[Start of section]

lemma constant_if_orthogonal_to_mean_zero:
  fixes G :: "real \<Rightarrow> complex"
  assumes t01: "t0 < t1" and cG: "continuous_on {t0..t1} G"
    and orth: "\<And>h. continuous_on {t0..t1} h \<Longrightarrow> integral {t0..t1} h = 0 \<Longrightarrow>
                 integral {t0..t1} (\<lambda>s. h s * G s) = 0"
  shows "\<exists>\<mu>. \<forall>s\<in>{t0..t1}. G s = \<mu>"
proof -
  let ?I = "{t0..t1}"
  define \<mu> where "\<mu> = integral ?I G / of_real (t1 - t0)"
  define h where "h s = cnj (G s - \<mu>)" for s
  have ch: "continuous_on ?I h"
    unfolding h_def by (intro continuous_intros cG)
  have "integral ?I (\<lambda>s. G s - \<mu>) = integral ?I G - (t1 - t0) *\<^sub>R \<mu>"
    using t01 cG by (simp add: integral_diff integrable_continuous_interval)
  also have "\<dots> = 0"
    using t01 by (simp add: \<mu>_def scaleR_conv_of_real)
  finally have h0: "integral ?I h = 0"
    by (simp only: h_def[abs_def] integral_cnj[symmetric] complex_cnj_zero)
  define r where "r s = (norm (G s - \<mu>))\<^sup>2" for s
  have cr: "continuous_on ?I r"
    unfolding r_def by (intro continuous_intros cG)
  have "complex_of_real (integral ?I r) = integral ?I (\<lambda>s. complex_of_real (r s))"
    by (rule integral_unique[symmetric], intro has_integral_of_real integrable_integral
        integrable_continuous_interval cr)
  also have "\<dots> = integral ?I (\<lambda>s. h s * G s - \<mu> * h s)"
    unfolding r_def h_def complex_norm_square by (simp add: algebra_simps)
  also have "\<dots> = 0"
    using orth[OF ch h0] h0 cG ch
    by (simp add: integral_diff integrable_continuous_interval continuous_intros)
  finally have "integral ?I r = 0"
    by simp
  then have "\<forall>s\<in>?I. r s = 0"
    using integral_eq_0_iff[OF cr t01] by (simp add: r_def)
  then show ?thesis by (auto simp: r_def)
qed
theorem theorem1:
  fixes Z :: "'a::euclidean_space set"
    and M :: "('a set \<Rightarrow> real) set"
    and \<psi> :: "('a set \<Rightarrow> real) \<Rightarrow> 'b::real_normed_vector"
    and K :: "real set" and D\<psi> :: "('a set \<Rightarrow> real) set"
    and \<psi>k :: "real \<Rightarrow> ('a set \<Rightarrow> real) \<Rightarrow> 'b"
    and d :: "('a set \<Rightarrow> real) \<Rightarrow> ('a set \<Rightarrow> real) \<Rightarrow> real"
    and \<delta> :: "real \<Rightarrow> real \<Rightarrow> real"
    and P :: "'a set \<Rightarrow> real"
    and \<Omega> :: "'w measure" and X :: "nat \<Rightarrow> 'w \<Rightarrow> 'a"
  assumes model: "M \<subseteq> prob_measures Z"
    and P_in: "P \<in> M"
    and prob: "prob_space \<Omega>"
    and rv: "\<And>i. X i \<in> borel_measurable \<Omega>"
    and inZ: "\<And>i \<omega>. \<omega> \<in> space \<Omega> \<Longrightarrow> X i \<omega> \<in> Z"
    and indep: "prob_space.indep_vars \<Omega> (\<lambda>_. borel) X UNIV"
    and law: "\<And>i A. A \<in> borel_sets_on Z \<Longrightarrow> measure \<Omega> {\<omega> \<in> space \<Omega>. X i \<omega> \<in> A} = P A"
    and reg: "regularization Z M \<psi> K D\<psi> \<psi>k"
    and d_nonneg: "\<And>Q Q'. Q \<in> D\<psi> \<Longrightarrow> Q' \<in> D\<psi> \<Longrightarrow> d Q Q' \<ge> 0"
    and cont: "continuous_reg_at K D\<psi> \<psi>k d \<delta> P"
    and consistent: "o_P1 \<Omega> (\<lambda>n \<omega>. d (empirical Z X n \<omega>) P)"
  shows "\<exists>kn :: nat \<Rightarrow> real. (\<forall>n. kn n \<in> K)
           \<and> ((\<lambda>n. approx_error \<psi>k \<psi> (kn n) P) \<longlonglongrightarrow> 0)
           \<and> o_P1 \<Omega> (\<lambda>n \<omega>. \<delta> (kn n) (d (empirical Z X n \<omega>) P))
           \<and> o_P1 \<Omega> (\<lambda>n \<omega>. norm (\<psi>k (kn n) (empirical Z X n \<omega>) - \<psi> P))"
proof -
  from reg P_in have "tuning_set K" and "discrete_measures Z \<subseteq> D\<psi>"
    and B_lim: "((\<lambda>k. approx_error \<psi>k \<psi> k P) \<longlongrightarrow> 0) (inf at_top (principal K))"
    unfolding regularization_def approx_error_def by auto
  from cont have "P \<in> D\<psi>" and modulus: "\<And>k. k \<in> K \<Longrightarrow> modulus_of_continuity (\<delta> k)"
    unfolding continuous_reg_at_def by auto
  \<comment> \<open>\<open>n \<ge> 1\<close>: the empirical measure of no observations is the zero set function.\<close>
  have "empirical Z X n \<omega> \<in> D\<psi>" if "\<omega> \<in> space \<Omega>" "n \<ge> 1" for n \<omega>
    using empirical_in_discrete_measures[of X \<omega> Z n] inZ[OF that(1)] that(2)
      \<open>discrete_measures Z \<subseteq> D\<psi>\<close> by blast
  then have Pn_in: "eventually (\<lambda>n. \<forall>\<omega>\<in>space \<Omega>. empirical Z X n \<omega> \<in> D\<psi>) sequentially"
    by (intro eventually_sequentiallyI[of 1]) blast
  have "eventually (\<lambda>n. \<forall>\<omega>\<in>space \<Omega>. d (empirical Z X n \<omega>) P \<ge> 0) sequentially"
    using Pn_in by eventually_elim (simp add: d_nonneg \<open>P \<in> D\<psi>\<close>)
  from tuning_sequence_selection[where \<delta> = \<delta>, OF \<open>tuning_set K\<close> B_lim modulus consistent this]
  obtain kn where knK: "\<And>n. kn n \<in> K" and B_kn: "(\<lambda>n. approx_error \<psi>k \<psi> (kn n) P) \<longlonglongrightarrow> 0"
    and \<delta>_oP: "o_P1 \<Omega> (\<lambda>n \<omega>. \<delta> (kn n) (d (empirical Z X n \<omega>) P))"
    by blast
  have norm_oP: "o_P1 \<Omega> (\<lambda>n \<omega>. norm (\<psi>k (kn n) (empirical Z X n \<omega>) - \<psi> P))"
  proof (rule o_P1_le_plus_null[OF \<delta>_oP B_kn])
    show "eventually (\<lambda>n. \<forall>\<omega>\<in>space \<Omega>. \<bar>norm (\<psi>k (kn n) (empirical Z X n \<omega>) - \<psi> P)\<bar>
        \<le> \<delta> (kn n) (d (empirical Z X n \<omega>) P) + approx_error \<psi>k \<psi> (kn n) P) sequentially"
      using Pn_in by eventually_elim (simp add: continuous_reg_at_error_bound[OF cont] knK)
  qed
  show ?thesis
    using knK B_kn \<delta>_oP norm_oP by blast
qed

end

[End of section]

[Instructions to follow] What is needed is every line of the records above that contains the word "symmetric".

[Response to the exercise]
    by (simp only: h_def[abs_def] integral_cnj[symmetric] complex_cnj_zero)
    by (rule integral_unique[symmetric], intro has_integral_of_real integrable_integral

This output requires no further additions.